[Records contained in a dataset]
lemma lipschitz_nonneg: "L \<ge> 0"
proof -
  obtain s t where "x s \<noteq> x t" using nonconstant by blast
  hence "0 < norm (x s - x t)" by simp
  moreover have "0 \<le> L * norm (x s - x t)"
    using lipschitz[of "x s" "x t"] norm_ge_zero order_trans by blast
  ultimately show ?thesis by (simp add: zero_le_mult_iff)
qed

lemma f_continuous: "continuous_on A f"
proof -
  have "lipschitz_on L UNIV f"
    using lipschitz lipschitz_nonneg by (auto simp: lipschitz_on_def dist_norm)
  thus ?thesis by (rule continuous_on_subset[OF lipschitz_on_continuous_on]) simp
qed

lemma x_continuous: "continuous_on A x"
  using ode by (meson continuous_at_imp_continuous_on has_vector_derivative_continuous)

lemma continuous_on_x_comp [continuous_intros]:
  "continuous_on A g \<Longrightarrow> continuous_on A (\<lambda>t. x (g t))"
  by (rule continuous_on_compose2[OF x_continuous[of UNIV]]) auto

lemma continuous_on_f_x_comp [continuous_intros]:
  "continuous_on A g \<Longrightarrow> continuous_on A (\<lambda>t. f (x (g t)))"
  by (rule continuous_on_compose2[OF f_continuous[of UNIV]]) (auto intro: continuous_on_x_comp)

lemma x_comp_linear_derivative:
  "((\<lambda>\<theta>. x (a + c * \<theta>)) has_vector_derivative c *\<^sub>R f (x (a + c * \<theta>))) (at \<theta>)"
proof -
  have "((\<lambda>\<theta>. a + c * \<theta>) has_vector_derivative c) (at \<theta>)"
    unfolding has_real_derivative_iff_has_vector_derivative[symmetric]
    by (auto intro!: derivative_eq_intros)
  from vector_diff_chain_at[OF this ode] show ?thesis by (simp add: o_def)
qed

lemma x_period_back: "x (t - T) = x t"
  using periodic_shift_int[where g = x, OF periodic, of t "-1"] by simp

(* V is a bound for the speed |x'| = |f(x)|; it is finite because x' is continuous and periodic. *)
definition V :: real where
  "V = Sup (range (\<lambda>t. norm (f (x t))))"
lemma descendants_via_children:
  assumes tree: "rooted_tree V e par" and S: "S \<subseteq> V" and u: "u \<noteq> e" and P: "P u"
  shows "descendants_via par S P u =
           (S \<inter> {u}) \<union> (\<Union>c\<in>children V e par u. descendants_via par S P c)"
proof (intro equalityI subsetI)
  fix x assume "x \<in> descendants_via par S P u"
  then obtain i where x: "x \<in> S" and i: "(par ^^ i) x = u"
    and ok: "\<forall>j. 0 < j \<and> j \<le> i \<longrightarrow> P ((par ^^ j) x)"
    unfolding descendants_via_def by blast
  show "x \<in> (S \<inter> {u}) \<union> (\<Union>c\<in>children V e par u. descendants_via par S P c)"
  proof (cases i)
    case 0
    then show ?thesis using i x by simp
  next
    case (Suc k)
    let ?c = "(par ^^ k) x"
    have "par ?c = u"
      using i Suc by (simp add: funpow_swap1)
    moreover have "?c \<in> V"
      using rooted_tree_funpow_in[OF tree] x S by blast
    moreover have "?c \<noteq> e"
      using \<open>par ?c = u\<close> u tree unfolding rooted_tree_def by auto
    ultimately have "?c \<in> children V e par u"
      unfolding children_def by blast
    moreover have "x \<in> descendants_via par S P ?c"
      unfolding descendants_via_def using x ok Suc by auto
    ultimately show ?thesis by blast
  qed
next
  fix x assume "x \<in> (S \<inter> {u}) \<union> (\<Union>c\<in>children V e par u. descendants_via par S P c)"
  then consider "x \<in> S" "x = u"
    | c i where "c \<in> children V e par u" "x \<in> S" "(par ^^ i) x = c"
        "\<forall>j. 0 < j \<and> j \<le> i \<longrightarrow> P ((par ^^ j) x)"
    unfolding descendants_via_def by blast
  then show "x \<in> descendants_via par S P u"
  proof cases
    case 1
    then show ?thesis
      unfolding descendants_via_def by (auto intro!: exI[of _ 0])
  next
    case (2 c i)
    then have "(par ^^ Suc i) x = u"
      unfolding children_def by auto
    moreover have "\<forall>j. 0 < j \<and> j \<le> Suc i \<longrightarrow> P ((par ^^ j) x)"
      using 2 \<open>(par ^^ Suc i) x = u\<close> P by (metis le_Suc_eq)
    ultimately show ?thesis
      unfolding descendants_via_def using 2 by blast
  qed
qed

lemma disjoint_family_descendants_via:
  assumes tree: "rooted_tree V e par" and S: "S \<subseteq> V" and u: "u \<noteq> e"
  shows "disjoint_family_on (descendants_via par S P) (children V e par u)"
  unfolding disjoint_family_on_def
proof (intro ballI impI)
  fix c c' assume c: "c \<in> children V e par u" and c': "c' \<in> children V e par u" and "c \<noteq> c'"
  show "descendants_via par S P c \<inter> descendants_via par S P c' = {}"
  proof (rule ccontr)
    assume "descendants_via par S P c \<inter> descendants_via par S P c' \<noteq> {}"
    then obtain x i i' where x: "x \<in> S" and i: "(par ^^ i) x = c" and i': "(par ^^ i') x = c'"
      unfolding descendants_via_def by blast
    then have "(par ^^ Suc i) x = u" "(par ^^ Suc i') x = u"
      using c c' unfolding children_def by auto
    then have "i = i'"
      using rooted_tree_funpow_eq_imp_eq[OF tree _ u] x S by blast
    then show False
      using i i' \<open>c \<noteq> c'\<close> by simp
  qed
qed

lemma not_mem_descendants_via_child:
  assumes tree: "rooted_tree V e par" and u: "u \<in> V" "u \<noteq> e"
    and c: "c \<in> children V e par u"
  shows "u \<notin> descendants_via par S P c"
proof
  assume "u \<in> descendants_via par S P c"
  then obtain i where "(par ^^ i) u = c"
    unfolding descendants_via_def by blast
  then have "(par ^^ Suc i) u = u"
    using c unfolding children_def by simp
  then show False
    using rooted_tree_funpow_neq[OF tree u, of "Suc i"] by simp
qed

lemma subtree_eq_descendants_via: "subtree V par u = descendants_via par V (\<lambda>_. True) u"
  unfolding subtree_def descendants_via_def anc_eq_def by auto

lemma sum_subtree_children:
  assumes tree: "rooted_tree V e par" and u: "u \<in> V" "u \<noteq> e"
  shows "sum f (subtree V par u) = f u + (\<Sum>c\<in>children V e par u. sum f (subtree V par c))"
proof -
  let ?C = "children V e par u"
  have fin: "finite (subtree V par c)" for c
    unfolding subtree_eq_descendants_via using finite_descendants_via[OF tree] by blast
  have "finite ?C"
    using tree unfolding rooted_tree_def children_def by simp
  have "subtree V par u = insert u (\<Union>c\<in>?C. subtree V par c)"
    unfolding subtree_eq_descendants_via
    using descendants_via_children[OF tree order_refl u(2), of "\<lambda>_. True"] u by auto
  moreover have "u \<notin> (\<Union>c\<in>?C. subtree V par c)"
    unfolding subtree_eq_descendants_via using not_mem_descendants_via_child[OF tree u] by blast
  moreover have "sum f (\<Union>c\<in>?C. subtree V par c) = (\<Sum>c\<in>?C. sum f (subtree V par c))"
    unfolding subtree_eq_descendants_via
    using sum.UNION_disjoint_family[OF \<open>finite ?C\<close> _ disjoint_family_descendants_via[OF tree order_refl u(2)]]
      finite_descendants_via[OF tree order_refl] by blast
  ultimately show ?thesis
    using fin \<open>finite ?C\<close> by simp
qed

lemma card_inter_subtree_children:
  assumes tree: "rooted_tree V e par" and u: "u \<in> V" "u \<noteq> e"
  shows "card (D \<inter> subtree V par u) =
           of_bool (u \<in> D) + (\<Sum>c\<in>children V e par u. card (D \<inter> subtree V par c))"
proof -
  have card_eq: "card (D \<inter> subtree V par v) = (\<Sum>w\<in>subtree V par v. of_bool (w \<in> D))" for v
  proof -
    have "finite (subtree V par v)"
      unfolding subtree_eq_descendants_via using finite_descendants_via[OF tree] by blast
    then show ?thesis
      by (simp add: Int_commute Collect_conj_eq[symmetric] Int_def sum.inter_filter[symmetric])
  qed
  show ?thesis
    unfolding card_eq by (rule sum_subtree_children[OF tree u])
qed

lemma set_tl_path_to:
  "set (tl (path_to e par D x)) = {(par ^^ i) x | i. i < orig_dist e par D x}"
proof -
  have "tl (path_to e par D x) = rev (map (\<lambda>i. (par ^^ i) x) [0..<orig_dist e par D x])"
    unfolding path_to_def by simp
  then show ?thesis
    by auto
qed

lemma less_orig_dist_iff:
  assumes tree: "rooted_tree V e par" and x: "x \<in> V"
  shows "i < orig_dist e par D x \<longleftrightarrow> (\<forall>j. 0 < j \<and> j \<le> i \<longrightarrow> (par ^^ j) x \<notin> D \<union> {e})"
proof -
  let ?Q = "\<lambda>k. 0 < k \<and> (par ^^ k) x \<in> D \<union> {e}"
  obtain k where "(par ^^ k) x = e"
    using tree x unfolding rooted_tree_def by blast
  then have "?Q (Suc k)"
    using tree unfolding rooted_tree_def by simp
  then have "?Q (orig_dist e par D x)"
    unfolding orig_dist_def by (rule LeastI)
  moreover have "\<not> ?Q j" if "j < orig_dist e par D x" for j
    using that unfolding orig_dist_def by (rule not_less_Least)
  ultimately show ?thesis
    by (meson le_less_trans not_le)
qed

text \<open>A path of \<open>\<S>(D)\<close> is determined by its final extremity.\<close>

lemma pn_eq_card_descendants_via:
  assumes tree: "rooted_tree V e par" and R: "R \<subseteq> V" and D: "D \<subseteq> V"
  shows "pn e par R D u = card (descendants_via par (R \<union> D - {e}) (\<lambda>y. y \<notin> D \<union> {e}) u)"
proof -
  let ?S = "R \<union> D - {e}"
  let ?f = "path_to e par D"
  have "last (?f x) = x" for x
    unfolding path_to_def by (simp add: last_rev hd_map del: upt_Suc)
  then have "inj_on ?f ?S"
    by (metis inj_onI)
  have "u \<in> set (tl (?f x)) \<longleftrightarrow>
          (\<exists>i. (par ^^ i) x = u \<and> (\<forall>j. 0 < j \<and> j \<le> i \<longrightarrow> (par ^^ j) x \<notin> D \<union> {e}))"
    if "x \<in> ?S" for x
    unfolding set_tl_path_to using less_orig_dist_iff[OF tree, of x] that R D by blast
  then have "{P \<in> sol e par R D. u \<in> set (tl P)} =
               ?f ` descendants_via par ?S (\<lambda>y. y \<notin> D \<union> {e}) u"
    unfolding sol_def descendants_via_def by auto
  then show ?thesis
    unfolding pn_def
    by (metis (no_types, lifting) \<open>inj_on ?f ?S\<close> card_image descendants_via_def inj_on_subset
        mem_Collect_eq subsetI)
qed

lemma pn_of_mem:
  assumes tree: "rooted_tree V e par" and R: "R \<subseteq> V" and D: "D \<subseteq> V"
    and u: "u \<in> D" "u \<noteq> e"
  shows "pn e par R D u = 1"
proof -
  have "x = u" if "(par ^^ i) x = u" "\<forall>j. 0 < j \<and> j \<le> i \<longrightarrow> (par ^^ j) x \<notin> D \<union> {e}"
    for x i
  proof -
    have "i = 0"
      using that u by (metis UnI1 le_refl neq0_conv)
    then show ?thesis
      using that by simp
  qed
  then have "descendants_via par (R \<union> D - {e}) (\<lambda>y. y \<notin> D \<union> {e}) u = {u}"
    unfolding descendants_via_def using u by (blast intro: funpow_0)
  then show ?thesis
    using pn_eq_card_descendants_via[OF tree R D] by simp
qed

lemma pn_of_not_mem:
  assumes tree: "rooted_tree V e par" and R: "R \<subseteq> V" and D: "D \<subseteq> V"
    and u: "u \<in> V" "u \<notin> D" "u \<noteq> e"
  shows "pn e par R D u = of_bool (u \<in> R) + (\<Sum>c\<in>children V e par u. pn e par R D c)"
proof -
  let ?S = "R \<union> D - {e}" and ?P = "\<lambda>y. y \<notin> D \<union> {e}"
  let ?C = "children V e par u"
  have S: "?S \<subseteq> V"
    using R D by auto
  have "finite ?C"
    using tree unfolding rooted_tree_def children_def by simp
  have "pn e par R D u = card ((?S \<inter> {u}) \<union> (\<Union>c\<in>?C. descendants_via par ?S ?P c))"
    using pn_eq_card_descendants_via[OF tree R D] descendants_via_children[OF tree S u(3), of ?P] u
    by simp
  also have "\<dots> = card (?S \<inter> {u}) + card (\<Union>c\<in>?C. descendants_via par ?S ?P c)"
    using not_mem_descendants_via_child[OF tree u(1,3)] \<open>finite ?C\<close> finite_descendants_via[OF tree S]
    by (subst card_Un_disjoint) auto
  also have "card (\<Union>c\<in>?C. descendants_via par ?S ?P c) = (\<Sum>c\<in>?C. pn e par R D c)"
    unfolding pn_eq_card_descendants_via[OF tree R D]
    using card_UN_disjoint'[OF disjoint_family_descendants_via[OF tree S u(3)] _ \<open>finite ?C\<close>]
      finite_descendants_via[OF tree S] by blast
  finally show ?thesis
    using u by auto
qed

*PROBLEM TO SOLVE:*
Quote every line from the beginning of the entries up to and including the line that contains "using periodic_shift_int[where g".

*TASK ANSWER:*
lemma lipschitz_nonneg: "L \<ge> 0"
proof -
  obtain s t where "x s \<noteq> x t" using nonconstant by blast
  hence "0 < norm (x s - x t)" by simp
  moreover have "0 \<le> L * norm (x s - x t)"
    using lipschitz[of "x s" "x t"] norm_ge_zero order_trans by blast
  ultimately show ?thesis by (simp add: zero_le_mult_iff)
qed

lemma f_continuous: "continuous_on A f"
proof -
  have "lipschitz_on L UNIV f"
    using lipschitz lipschitz_nonneg by (auto simp: lipschitz_on_def dist_norm)
  thus ?thesis by (rule continuous_on_subset[OF lipschitz_on_continuous_on]) simp
qed

lemma x_continuous: "continuous_on A x"
  using ode by (meson continuous_at_imp_continuous_on has_vector_derivative_continuous)

lemma continuous_on_x_comp [continuous_intros]:
  "continuous_on A g \<Longrightarrow> continuous_on A (\<lambda>t. x (g t))"
  by (rule continuous_on_compose2[OF x_continuous[of UNIV]]) auto

lemma continuous_on_f_x_comp [continuous_intros]:
  "continuous_on A g \<Longrightarrow> continuous_on A (\<lambda>t. f (x (g t)))"
  by (rule continuous_on_compose2[OF f_continuous[of UNIV]]) (auto intro: continuous_on_x_comp)

lemma x_comp_linear_derivative:
  "((\<lambda>\<theta>. x (a + c * \<theta>)) has_vector_derivative c *\<^sub>R f (x (a + c * \<theta>))) (at \<theta>)"
proof -
  have "((\<lambda>\<theta>. a + c * \<theta>) has_vector_derivative c) (at \<theta>)"
    unfolding has_real_derivative_iff_has_vector_derivative[symmetric]
    by (auto intro!: derivative_eq_intros)
  from vector_diff_chain_at[OF this ode] show ?thesis by (simp add: o_def)
qed

lemma x_period_back: "x (t - T) = x t"
  using periodic_shift_int[where g = x, OF periodic, of t "-1"] by simp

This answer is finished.